- [ASSIGNMENT]:
Repeat each record below exactly as given.

INPUT RECORDS section start

(* For probability densities $F_N,H_N$ on $\mathbb{R}^N$ with finite mean, \[ d_{T1,N}(\Phi[F_N],\Phi[H_N])\le\Big(1-\frac{1-\gamma}{4N}\Big)d_{T1,N}(F_N,H_N). \]
   Context: Fix $N\ge2$, rates $\lambda>0,\mu>0$, $\gamma=\lambda/(\lambda+\mu)$, and a probability density $g$ on $\mathbb{R}$ with $g\in L^2$, zero mean and finite second moment. Let $Q[F](v)=\binom{N}{2}^{-1}\sum_{i<j}\frac{1}{2\pi}\int_0^{2\pi}F(v_{ij}(\theta))d\theta$ and $R_j[F](v)=\int_{\mathbb{R}}\frac{1}{2\pi}\int_0^{2\pi}g(w\cos\theta-v_j\sin\theta)F(v_j(w,\theta))d\theta dw$, where $v_{ij}(\theta)$ replaces $(v_i,v_j)$ in $v$ by $(v_i\cos\theta+v_j\sin\theta,-v_i\sin\theta+v_j\cos\theta)$ and $v_j(w,\theta)$ replaces $v_j$ by $v_j\cos\theta+w\sin\theta$. $\Phi[F]=\gamma Q[F]+(1-\gamma)\frac1N\sum_{j=1}^NR_j[F]$. With $\hat f(\xi)=\int f(v)e^{-iv\cdot\xi}dv$, $d_{T1,N}(f,h)=\sup_{\xi\in\mathbb{R}^N\setminus\{0\}}|\hat f(\xi)-\hat h(\xi)|/|\xi|$. *)

theory Defs
  imports "HOL-Analysis.Analysis"
begin

definition is_density :: "('a::euclidean_space \<Rightarrow> real) \<Rightarrow> bool" where
  "is_density f \<longleftrightarrow> f \<in> borel_measurable lborel \<and> (\<forall>v. 0 \<le> f v)
     \<and> integrable lborel f \<and> (LINT v|lborel. f v) = 1"

definition vij :: "(real, 'n::finite) vec \<Rightarrow> 'n \<Rightarrow> 'n \<Rightarrow> real \<Rightarrow> (real, 'n) vec" where
  "vij v i j \<theta> = (\<chi> k. if k = i then v$i * cos \<theta> + v$j * sin \<theta>
                    else if k = j then - v$i * sin \<theta> + v$j * cos \<theta> else v$k)"

definition vjw :: "(real, 'n::finite) vec \<Rightarrow> 'n \<Rightarrow> real \<Rightarrow> real \<Rightarrow> (real, 'n) vec" where
  "vjw v j w \<theta> = (\<chi> k. if k = j then v$j * cos \<theta> + w * sin \<theta> else v$k)"

definition Qop :: "((real, 'n::{finite,linorder}) vec \<Rightarrow> real) \<Rightarrow> (real, 'n) vec \<Rightarrow> real" where
  "Qop F v = (1 / real (CARD('n::{finite,linorder}) choose 2)) *
     (\<Sum>(i,j)\<in>{(i,j). i < j}. (1 / (2*pi)) * (LBINT \<theta>=0..2*pi. F (vij v i j \<theta>)))"
(* Let $p\in[1,\infty]$, let $\varphi_0,\varphi_1,\varphi$ be positive non-degenerate quasi-concave functions on $(0,\infty)$, let $\{\widetilde t_k\}$ be a discretizing sequence for $\varphi(\varphi_0,\varphi_1)$ and $\overline l_p=\big(l_p,\,l_p(1/\widetilde t_k)\big)$. Then $$\left((\overline l_p)_{\varphi_0,p},(\overline l_p)_{\varphi_1,p}\right)_{\varphi,p}=l_p\Big(\frac1{\varphi(\varphi_0,\varphi_1)(\widetilde t_i)}\Big).$$
   Context: A function $\psi:(0,\infty)\to(0,\infty)$ is non-degenerate quasi-concave if it is non-decreasing, $\psi(t)/t$ is non-increasing, and $\lim_{t\to0+}\psi(t)=\lim_{t\to\infty}\psi(t)/t=\lim_{t\to0+}t/\psi(t)=\lim_{t\to\infty}1/\psi(t)=0$. $\varphi(\varphi_0,\varphi_1)(t)=\varphi_0(t)\varphi(\varphi_1(t)/\varphi_0(t))$. A positive sequence is strongly increasing if $\inf_k a_{k+1}/a_k\ge2$, strongly decreasing if $\sup_k a_{k+1}/a_k\le1/2$. A strongly increasing $\{s_k\}_{k\in\mathbb Z}$ is a discretizing sequence for $\psi$ if $\{\psi(s_k)\}$ is strongly increasing, $\{\psi(s_k)/s_k\}$ is strongly decreasing, and $\mathbb Z=\mathbb Z_1\sqcup\mathbb Z_2$ with $\psi(s_{k+1})\le2\psi(s_k)$ for $k\in\mathbb Z_1$ and $\psi(s_k)/s_k\le2\psi(s_{k+1})/s_{k+1}$ for $k\in\mathbb Z_2$. For a Banach couple $\overline X$, $K(t,x;\overline X)=\inf_{x=x_0+x_1}(\|x_0\|_{X_0}+t\|x_1\|_{X_1})$, and $\overline X_{\psi,p}$ is the space of $x\in X_0+X_1$ with $\big(\sum_k(K(s_k,x;\overline X)/\psi(s_k))^p\big)^{1/p}<\infty$ (sup if $p=\infty$), $\{s_k\}$ a fixed discretizing sequence for $\psi$. For a positive weight $u$, $l_p(u)=\{a:\{a_iu_i\}\in l_p\}$ with norm $\|\{a_iu_i\}\|_{l_p}$. Sequences are indexed by $\mathbb Z$; equality means equal sets with equivalent norms. *)

theory Defs
  imports "HOL-Analysis.Analysis" "HOL-Library.Function_Algebras"
begin

definition nondeg_qc :: "(real \<Rightarrow> real) \<Rightarrow> bool" where
  "nondeg_qc \<psi> \<longleftrightarrow>
     (\<forall>t>0. \<psi> t > 0) \<and>
     (\<forall>s t. 0 < s \<longrightarrow> s \<le> t \<longrightarrow> \<psi> s \<le> \<psi> t) \<and>
     (\<forall>s t. 0 < s \<longrightarrow> s \<le> t \<longrightarrow> \<psi> t / t \<le> \<psi> s / s) \<and>
     (\<psi> \<longlongrightarrow> 0) (at_right 0) \<and>
     ((\<lambda>t. \<psi> t / t) \<longlongrightarrow> 0) at_top \<and>
     ((\<lambda>t. t / \<psi> t) \<longlongrightarrow> 0) (at_right 0) \<and>
     ((\<lambda>t. 1 / \<psi> t) \<longlongrightarrow> 0) at_top"

definition comp_fun :: "(real \<Rightarrow> real) \<Rightarrow> (real \<Rightarrow> real) \<Rightarrow> (real \<Rightarrow> real) \<Rightarrow> real \<Rightarrow> real" where
  "comp_fun \<phi> \<phi>0 \<phi>1 t = \<phi>0 t * \<phi> (\<phi>1 t / \<phi>0 t)"

definition strongly_increasing :: "(int \<Rightarrow> real) \<Rightarrow> bool" where
  "strongly_increasing a \<longleftrightarrow> (\<forall>k. a k > 0) \<and> (\<forall>k. a (k + 1) / a k \<ge> 2)"

definition strongly_decreasing :: "(int \<Rightarrow> real) \<Rightarrow> bool" where
  "strongly_decreasing a \<longleftrightarrow> (\<forall>k. a k > 0) \<and> (\<forall>k. a (k + 1) / a k \<le> 1 / 2)"

definition discretizing :: "(int \<Rightarrow> real) \<Rightarrow> (real \<Rightarrow> real) \<Rightarrow> bool" where
  "discretizing s \<psi> \<longleftrightarrow>
     strongly_increasing s \<and>
     strongly_increasing (\<lambda>k. \<psi> (s k)) \<and>
     strongly_decreasing (\<lambda>k. \<psi> (s k) / s k) \<and>
     (\<exists>Z1 Z2 :: int set. Z1 \<union> Z2 = UNIV \<and> Z1 \<inter> Z2 = {} \<and>
        (\<forall>k\<in>Z1. \<psi> (s (k + 1)) \<le> 2 * \<psi> (s k)) \<and>
        (\<forall>k\<in>Z2. \<psi> (s k) / s k \<le> 2 * (\<psi> (s (k + 1)) / s (k + 1))))"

INPUT RECORDS section end

- [WRITTEN RESPONSE]:
(* For probability densities $F_N,H_N$ on $\mathbb{R}^N$ with finite mean, \[ d_{T1,N}(\Phi[F_N],\Phi[H_N])\le\Big(1-\frac{1-\gamma}{4N}\Big)d_{T1,N}(F_N,H_N). \]
   Context: Fix $N\ge2$, rates $\lambda>0,\mu>0$, $\gamma=\lambda/(\lambda+\mu)$, and a probability density $g$ on $\mathbb{R}$ with $g\in L^2$, zero mean and finite second moment. Let $Q[F](v)=\binom{N}{2}^{-1}\sum_{i<j}\frac{1}{2\pi}\int_0^{2\pi}F(v_{ij}(\theta))d\theta$ and $R_j[F](v)=\int_{\mathbb{R}}\frac{1}{2\pi}\int_0^{2\pi}g(w\cos\theta-v_j\sin\theta)F(v_j(w,\theta))d\theta dw$, where $v_{ij}(\theta)$ replaces $(v_i,v_j)$ in $v$ by $(v_i\cos\theta+v_j\sin\theta,-v_i\sin\theta+v_j\cos\theta)$ and $v_j(w,\theta)$ replaces $v_j$ by $v_j\cos\theta+w\sin\theta$. $\Phi[F]=\gamma Q[F]+(1-\gamma)\frac1N\sum_{j=1}^NR_j[F]$. With $\hat f(\xi)=\int f(v)e^{-iv\cdot\xi}dv$, $d_{T1,N}(f,h)=\sup_{\xi\in\mathbb{R}^N\setminus\{0\}}|\hat f(\xi)-\hat h(\xi)|/|\xi|$. *)

theory Defs
  imports "HOL-Analysis.Analysis"
begin

definition is_density :: "('a::euclidean_space \<Rightarrow> real) \<Rightarrow> bool" where
  "is_density f \<longleftrightarrow> f \<in> borel_measurable lborel \<and> (\<forall>v. 0 \<le> f v)
     \<and> integrable lborel f \<and> (LINT v|lborel. f v) = 1"

definition vij :: "(real, 'n::finite) vec \<Rightarrow> 'n \<Rightarrow> 'n \<Rightarrow> real \<Rightarrow> (real, 'n) vec" where
  "vij v i j \<theta> = (\<chi> k. if k = i then v$i * cos \<theta> + v$j * sin \<theta>
                    else if k = j then - v$i * sin \<theta> + v$j * cos \<theta> else v$k)"

definition vjw :: "(real, 'n::finite) vec \<Rightarrow> 'n \<Rightarrow> real \<Rightarrow> real \<Rightarrow> (real, 'n) vec" where
  "vjw v j w \<theta> = (\<chi> k. if k = j then v$j * cos \<theta> + w * sin \<theta> else v$k)"

definition Qop :: "((real, 'n::{finite,linorder}) vec \<Rightarrow> real) \<Rightarrow> (real, 'n) vec \<Rightarrow> real" where
  "Qop F v = (1 / real (CARD('n::{finite,linorder}) choose 2)) *
     (\<Sum>(i,j)\<in>{(i,j). i < j}. (1 / (2*pi)) * (LBINT \<theta>=0..2*pi. F (vij v i j \<theta>)))"
(* Let $p\in[1,\infty]$, let $\varphi_0,\varphi_1,\varphi$ be positive non-degenerate quasi-concave functions on $(0,\infty)$, let $\{\widetilde t_k\}$ be a discretizing sequence for $\varphi(\varphi_0,\varphi_1)$ and $\overline l_p=\big(l_p,\,l_p(1/\widetilde t_k)\big)$. Then $$\left((\overline l_p)_{\varphi_0,p},(\overline l_p)_{\varphi_1,p}\right)_{\varphi,p}=l_p\Big(\frac1{\varphi(\varphi_0,\varphi_1)(\widetilde t_i)}\Big).$$
   Context: A function $\psi:(0,\infty)\to(0,\infty)$ is non-degenerate quasi-concave if it is non-decreasing, $\psi(t)/t$ is non-increasing, and $\lim_{t\to0+}\psi(t)=\lim_{t\to\infty}\psi(t)/t=\lim_{t\to0+}t/\psi(t)=\lim_{t\to\infty}1/\psi(t)=0$. $\varphi(\varphi_0,\varphi_1)(t)=\varphi_0(t)\varphi(\varphi_1(t)/\varphi_0(t))$. A positive sequence is strongly increasing if $\inf_k a_{k+1}/a_k\ge2$, strongly decreasing if $\sup_k a_{k+1}/a_k\le1/2$. A strongly increasing $\{s_k\}_{k\in\mathbb Z}$ is a discretizing sequence for $\psi$ if $\{\psi(s_k)\}$ is strongly increasing, $\{\psi(s_k)/s_k\}$ is strongly decreasing, and $\mathbb Z=\mathbb Z_1\sqcup\mathbb Z_2$ with $\psi(s_{k+1})\le2\psi(s_k)$ for $k\in\mathbb Z_1$ and $\psi(s_k)/s_k\le2\psi(s_{k+1})/s_{k+1}$ for $k\in\mathbb Z_2$. For a Banach couple $\overline X$, $K(t,x;\overline X)=\inf_{x=x_0+x_1}(\|x_0\|_{X_0}+t\|x_1\|_{X_1})$, and $\overline X_{\psi,p}$ is the space of $x\in X_0+X_1$ with $\big(\sum_k(K(s_k,x;\overline X)/\psi(s_k))^p\big)^{1/p}<\infty$ (sup if $p=\infty$), $\{s_k\}$ a fixed discretizing sequence for $\psi$. For a positive weight $u$, $l_p(u)=\{a:\{a_iu_i\}\in l_p\}$ with norm $\|\{a_iu_i\}\|_{l_p}$. Sequences are indexed by $\mathbb Z$; equality means equal sets with equivalent norms. *)

theory Defs
  imports "HOL-Analysis.Analysis" "HOL-Library.Function_Algebras"
begin

definition nondeg_qc :: "(real \<Rightarrow> real) \<Rightarrow> bool" where
  "nondeg_qc \<psi> \<longleftrightarrow>
     (\<forall>t>0. \<psi> t > 0) \<and>
     (\<forall>s t. 0 < s \<longrightarrow> s \<le> t \<longrightarrow> \<psi> s \<le> \<psi> t) \<and>
     (\<forall>s t. 0 < s \<longrightarrow> s \<le> t \<longrightarrow> \<psi> t / t \<le> \<psi> s / s) \<and>
     (\<psi> \<longlongrightarrow> 0) (at_right 0) \<and>
     ((\<lambda>t. \<psi> t / t) \<longlongrightarrow> 0) at_top \<and>
     ((\<lambda>t. t / \<psi> t) \<longlongrightarrow> 0) (at_right 0) \<and>
     ((\<lambda>t. 1 / \<psi> t) \<longlongrightarrow> 0) at_top"

definition comp_fun :: "(real \<Rightarrow> real) \<Rightarrow> (real \<Rightarrow> real) \<Rightarrow> (real \<Rightarrow> real) \<Rightarrow> real \<Rightarrow> real" where
  "comp_fun \<phi> \<phi>0 \<phi>1 t = \<phi>0 t * \<phi> (\<phi>1 t / \<phi>0 t)"

definition strongly_increasing :: "(int \<Rightarrow> real) \<Rightarrow> bool" where
  "strongly_increasing a \<longleftrightarrow> (\<forall>k. a k > 0) \<and> (\<forall>k. a (k + 1) / a k \<ge> 2)"

definition strongly_decreasing :: "(int \<Rightarrow> real) \<Rightarrow> bool" where
  "strongly_decreasing a \<longleftrightarrow> (\<forall>k. a k > 0) \<and> (\<forall>k. a (k + 1) / a k \<le> 1 / 2)"

definition discretizing :: "(int \<Rightarrow> real) \<Rightarrow> (real \<Rightarrow> real) \<Rightarrow> bool" where
  "discretizing s \<psi> \<longleftrightarrow>
     strongly_increasing s \<and>
     strongly_increasing (\<lambda>k. \<psi> (s k)) \<and>
     strongly_decreasing (\<lambda>k. \<psi> (s k) / s k) \<and>
     (\<exists>Z1 Z2 :: int set. Z1 \<union> Z2 = UNIV \<and> Z1 \<inter> Z2 = {} \<and>
        (\<forall>k\<in>Z1. \<psi> (s (k + 1)) \<le> 2 * \<psi> (s k)) \<and>
        (\<forall>k\<in>Z2. \<psi> (s k) / s k \<le> 2 * (\<psi> (s (k + 1)) / s (k + 1))))"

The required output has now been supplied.